Dumont's ambiguity needs explaining

Immigration - une politique ou de la politicaillerie ?




Before last March's election, Premier Jean Charest deftly hoisted the question of "reasonable accommodation" right off the political chessboard. He did this in the time-honoured fashion, naming a couple of scholars to inquire into the whole business.

But today the issue returns, as Gérard Bouchard and Charles Taylor announce plans for public hearings by their group, which goes by the precise if ungainly name Commission de consultation sur les pratiques d'accommodements reliées aux différences culturelles.

But before the two distinguished academics could welcome us all back from vacation in this fashion, Mario Dumont grabbed the spotlight for himself. Interviewed by someone from La Presse, Dumont said this: "Your number of immigrants should not exceed your capacity to welcome them and integrate them, otherwise they create ghettos." And Quebec, he added, has reached that limit.

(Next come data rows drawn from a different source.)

(* Let $m>1$, $l>1$ with $1/m+1/l=1$, and let $f:[0,1]\to[0,1]$ be the skew tent map $f(x)=mx$ for $0\le x\le 1/m$, $f(x)=l(1-x)$ for $1/m<x\le1$ (for which Lebesgue measure is the unique absolutely continuous invariant probability measure and is ergodic). Then $H(f)=\lambda(f)+D(f)$ with $\lambda(f)=\frac1m\log m+\frac1l\log l$ and: (1) if $m=2$, $D(f)=0$; (2) if $m$ is rational, $m\ne2$, written $m=(p+q)/p$ in lowest terms with integers $p,q\ge1$, then $$D(f)=\frac{2p}{(p+q)^2}\sum_{n=1}^{p-1}\phi\Big(\frac np\Big)+\frac{2q}{(p+q)^2}\sum_{n=1}^{q-1}\phi\Big(\frac nq\Big)$$ (an empty sum being $0$); (3) if $m$ is irrational, $D(f)=\dfrac{m^2-2m+2}{2m^2}$.
   Context: $\phi(t)=-t\log t$ ($t>0$), $\phi(0)=0$. For an equivolume partition $\Delta=\{A^{(1)},\dots,A^{(N)}\}$ of $[0,1]$ into pairwise disjoint subintervals of Lebesgue measure $1/N$, set $p_\Delta(n'|n)=N\,\mathrm{Leb}(f^{-1}(A^{(n')})\cap A^{(n)})$ and $H_\Delta(f)=\sum_{n,n'}\frac1N\phi(p_\Delta(n'|n))$; $H(f)$ denotes $\lim_{N\to\infty}H_\Delta(f)$ over equivolume partitions with $N$ cells (the limit exists), and $\lambda(f)=\int_0^1\log|f'(x)|\,dx$. *)

theory Defs
  imports "HOL-Analysis.Analysis"
begin

definition phi :: "real \<Rightarrow> real" where
  "phi t = (if t = 0 then 0 else - t * ln t)"

definition equivolume_partition :: "nat \<Rightarrow> (nat \<Rightarrow> real set) \<Rightarrow> bool" where
  "equivolume_partition N A \<longleftrightarrow>
     (\<forall>n<N. is_interval (A n) \<and> A n \<subseteq> {0..1} \<and> A n \<in> sets lebesgue
            \<and> measure lebesgue (A n) = 1 / real N)
   \<and> (\<forall>n<N. \<forall>n'<N. n \<noteq> n' \<longrightarrow> A n \<inter> A n' = {})
   \<and> (\<Union>n<N. A n) = {0..1}"

definition trans_prob :: "nat \<Rightarrow> (nat \<Rightarrow> real set) \<Rightarrow> (real \<Rightarrow> real) \<Rightarrow> nat \<Rightarrow> nat \<Rightarrow> real" where
  "trans_prob N A f n n' = real N * measure lebesgue (f -` A n' \<inter> A n)"

definition H_part :: "nat \<Rightarrow> (nat \<Rightarrow> real set) \<Rightarrow> (real \<Rightarrow> real) \<Rightarrow> real" where
  "H_part N A f = (\<Sum>n<N. \<Sum>n'<N. (1 / real N) * phi (trans_prob N A f n n'))"

definition H_limit :: "(real \<Rightarrow> real) \<Rightarrow> real \<Rightarrow> bool" where
  "H_limit f L \<longleftrightarrow>
     (\<forall>\<Delta> :: nat \<Rightarrow> nat \<Rightarrow> real set.
        (\<forall>N\<ge>1. equivolume_partition N (\<Delta> N)) \<longrightarrow>
        (\<lambda>N. H_part N (\<Delta> N) f) \<longlonglongrightarrow> L)"

definition lyap :: "(real \<Rightarrow> real) \<Rightarrow> real" where
  "lyap f = integral {0..1} (\<lambda>x. ln \<bar>deriv f x\<bar>)"

end

theory Submission
  imports Defs "HOL-Real_Asymp.Real_Asymp"
begin

(*
  (1) An equivolume partition of [0,1] into N intervals is, after relabelling the cells and up
      to endpoints, the uniform grid of cells [i/N, (i+1)/N].  As T is continuous with finite
      fibres, endpoints carry no mass, so H_Delta(T) equals the grid entropy H_grid N.
  (2) A grid row i inside a branch of slope s (s = m or s = l) is mapped affinely onto an
      interval of length s/N.  It spreads its mass with density 1/s over about s cells, covering
      two of them only partially, so it contributes (ln s + e_s(k)/s)/N with the edge entropy
      e_s(k) = phi (1 - frac (s k)) + phi (frac (s k + s)), k the index of the row in its branch.
      The single row through the turning point 1/m contributes O(1/N).
  (3) Hence H_grid N -> (1/m)(ln m + c_m/m) + (1/l)(ln l + c_l/l), where c_s is the Cesaro limit
      of e_s; the Lyapunov exponent is (1/m) ln m + (1/l) ln l.
  (4) c_s is an average of continuous functions along the rotation k |-> frac (s k): for rational
      s = (p+q)/p it is the average over the grid j/p, for irrational s it is 2 * integral phi = 1/2
      (Weyl's equidistribution theorem, derived here from Dirichlet approximation).
*)

section \<open>Cesaro means\<close>

definition cesaro_mean :: "(nat \<Rightarrow> real) \<Rightarrow> nat \<Rightarrow> real" where
  "cesaro_mean a n = (\<Sum>i<n. a i) / real n"

lemma sum_lessThan_add:
  fixes a :: "nat \<Rightarrow> 'a::comm_monoid_add"
  shows "(\<Sum>i<m+n. a i) = (\<Sum>i<m. a i) + (\<Sum>j<n. a (m+j))"
  by (induction n) (auto simp: add.assoc)

lemma block_sums_bound:
  fixes a :: "nat \<Rightarrow> real"
  assumes k: "k > 0" and blk: "\<And>n0. \<bar>(\<Sum>j<k. a (n0+j)) - k*c\<bar> \<le> k*e"
    and M: "\<And>i. \<bar>a i\<bar> \<le> M" and cM: "\<bar>c\<bar> \<le> M" and e: "e \<ge> 0"
  shows "\<bar>(\<Sum>i<L. a i) - L*c\<bar> \<le> L*e + 2*real k*M"
proof (induction L rule: less_induct)
  case (less L)
  show ?case
  proof (cases "L < k")
    case True
    have "\<bar>(\<Sum>i<L. a i)\<bar> \<le> (\<Sum>i<L. \<bar>a i\<bar>)" by (rule sum_abs)
    also have "\<dots> \<le> (\<Sum>i<L. M)" by (rule sum_mono) (rule M)
    finally have "\<bar>(\<Sum>i<L. a i)\<bar> \<le> L*M" by simp
    moreover have "\<bar>L*c\<bar> \<le> L*M" using cM by (simp add: abs_mult mult_left_mono)
    moreover have "real L * M \<le> k*M" using True cM by (simp add: mult_right_mono)
    moreover have "0 \<le> real L * e" using e by simp
    ultimately show ?thesis unfolding abs_le_iff by linarith
  next
    case False
    then obtain L' where L: "L = L' + k" by (metis add.commute le_add_diff_inverse not_less)
    have IH: "\<bar>(\<Sum>i<L'. a i) - L'*c\<bar> \<le> L'*e + 2*real k*M" using less L k by simp
    have "(\<Sum>i<L. a i) = (\<Sum>i<L'. a i) + (\<Sum>j<k. a (L'+j))" unfolding L by (rule sum_lessThan_add)
    moreover have "real L * c = L'*c + k*c" "real L * e = L'*e + k*e" unfolding L by (simp_all add: algebra_simps)
    ultimately show ?thesis using IH blk[of L'] by linarith
  qed
qed

lemma cesaro_from_blocks:
  fixes a :: "nat \<Rightarrow> real"
  assumes blk: "\<And>e. e > 0 \<Longrightarrow> \<exists>k>0. \<forall>n0. \<bar>(\<Sum>j<k. a (n0+j)) - k*c\<bar> \<le> k*e"
    and M: "\<And>i. \<bar>a i\<bar> \<le> M" and cM: "\<bar>c\<bar> \<le> M"
  shows "cesaro_mean a \<longlonglongrightarrow> c"
proof (rule LIMSEQ_I)
  fix r :: real assume r: "r > 0"
  obtain k where k: "k > 0" and kb: "\<forall>n0. \<bar>(\<Sum>j<k. a (n0+j)) - k*c\<bar> \<le> k*(r/2)"
    using blk[of "r/2"] r by auto
  have M0: "M \<ge> 0" using cM by linarith
  obtain no :: nat where no: "real no > 4*real k*M/r + 1" using reals_Archimedean2 by blast
  show "\<exists>no. \<forall>L\<ge>no. norm (cesaro_mean a L - c) < r"
  proof (intro exI allI impI)
    fix L assume L: "L \<ge> no"
    have "4*real k*M/r \<ge> 0" using M0 r by simp
    hence Lpos: "real L > 0" using L no by linarith
    have b: "\<bar>(\<Sum>i<L. a i) - L*c\<bar> \<le> L*(r/2) + 2*real k*M"
      by (rule block_sums_bound[OF k _ M cM]) (use kb r in auto)
    have "norm (cesaro_mean a L - c) = \<bar>(\<Sum>i<L. a i) - L*c\<bar> / L"
      using Lpos by (simp add: cesaro_mean_def field_simps)
    also have "\<dots> \<le> (L*(r/2) + 2*real k*M) / L" using b Lpos by (simp add: divide_right_mono)
    also have "\<dots> = r/2 + 2*real k*M/L" using Lpos by (simp add: field_simps)
    also have "2*real k*M/L < r/2"
    proof -
      have "real L > 4*real k*M/r" using L no by linarith
      hence "real L * r > 4*real k*M" using r by (simp add: field_simps)
      thus ?thesis using Lpos r by (simp add: field_simps)
    qed
    finally show "norm (cesaro_mean a L - c) < r" by linarith
  qed
qed

lemma sum_close:
  fixes f g :: "nat \<Rightarrow> real"
  assumes "\<And>j. j < k \<Longrightarrow> \<bar>f j - g j\<bar> \<le> c"
  shows "\<bar>(\<Sum>j<k. f j) - (\<Sum>j<k. g j)\<bar> \<le> k*c"
proof -
  have "\<bar>(\<Sum>j<k. f j) - (\<Sum>j<k. g j)\<bar> \<le> (\<Sum>j<k. \<bar>f j - g j\<bar>)"
    by (simp add: sum_subtractf[symmetric] sum_abs)
  also have "\<dots> \<le> (\<Sum>j<k. c)" by (rule sum_mono) (use assms in auto)
  finally show ?thesis by simp
qed


lemma lim_by_bound:
  fixes x :: "nat \<Rightarrow> real"
  assumes "\<And>N. N \<ge> 1 \<Longrightarrow> \<bar>x N - c\<bar> \<le> C / real N"
  shows "x \<longlonglongrightarrow> c"
proof -
  have "eventually (\<lambda>N. norm (x N - c) \<le> C / real N) sequentially"
    using assms by (auto simp: eventually_sequentially)
  hence "(\<lambda>N. x N - c) \<longlonglongrightarrow> 0" by (rule Lim_null_comparison) (rule lim_const_over_n)
  thus ?thesis by (rule LIM_zero_cancel)
qed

Did he mean immigration should be frozen at the current level? Halted completely? Maybe he meant he wants to spend more money on integrating newcomers. He didn't offer any detail, but he will have to do so, and soon.
Dumont has done quite well for himself by using studied ambiguity on "reasonable accommodation" and on the broader related questions of immigration and nationality. And it's enlightening to note how these blend into one. "Reasonable accommodation" originally referred to religious matters, from the Jewish eruv to Muslim sharia law: When religious practice bangs up against secular civil law, which should take precedence in a society that honours both religious freedom and equality under the law? From the kirpan to the hijab to whether a female police officer should address a Hasidic man, these questions have roiled some parts of Quebec society in recent years - too much so, some would say. As immigration patterns change, such matters have merged into one broader implicit question: Why can't "they" be like "we" are?

Some might think that francophone Quebecers, who have had to answer pretty much that same question from the rest of Canada for 140 years, should know the answer. In any case, the issue has clearly gone from religious practice to "cultural differences" as in the commission's title, and from there to the whole issue of identity. If "Quebecers' now constitute a "nation" according to the House of Commons, then who is a Quebecer?

Immigration is the "third rail" of Canadian politics - touch it the wrong way, and you die. The ADQ's wink-and-a-nod ambiguity gets them nowhere in metro Montreal, but appeals to many elsewhere who do not welcome change.
Charest wasted no time playing the "openness" card in response to Dumont's comment. But last weekend, his Young Liberals called for special classes in "national identity" in schools. And it remains to be seen how the the Parti Québécois will come down on this issue.

The identity question promises - or threatens - to be the biggest issue this autumn for all of us in Quebec.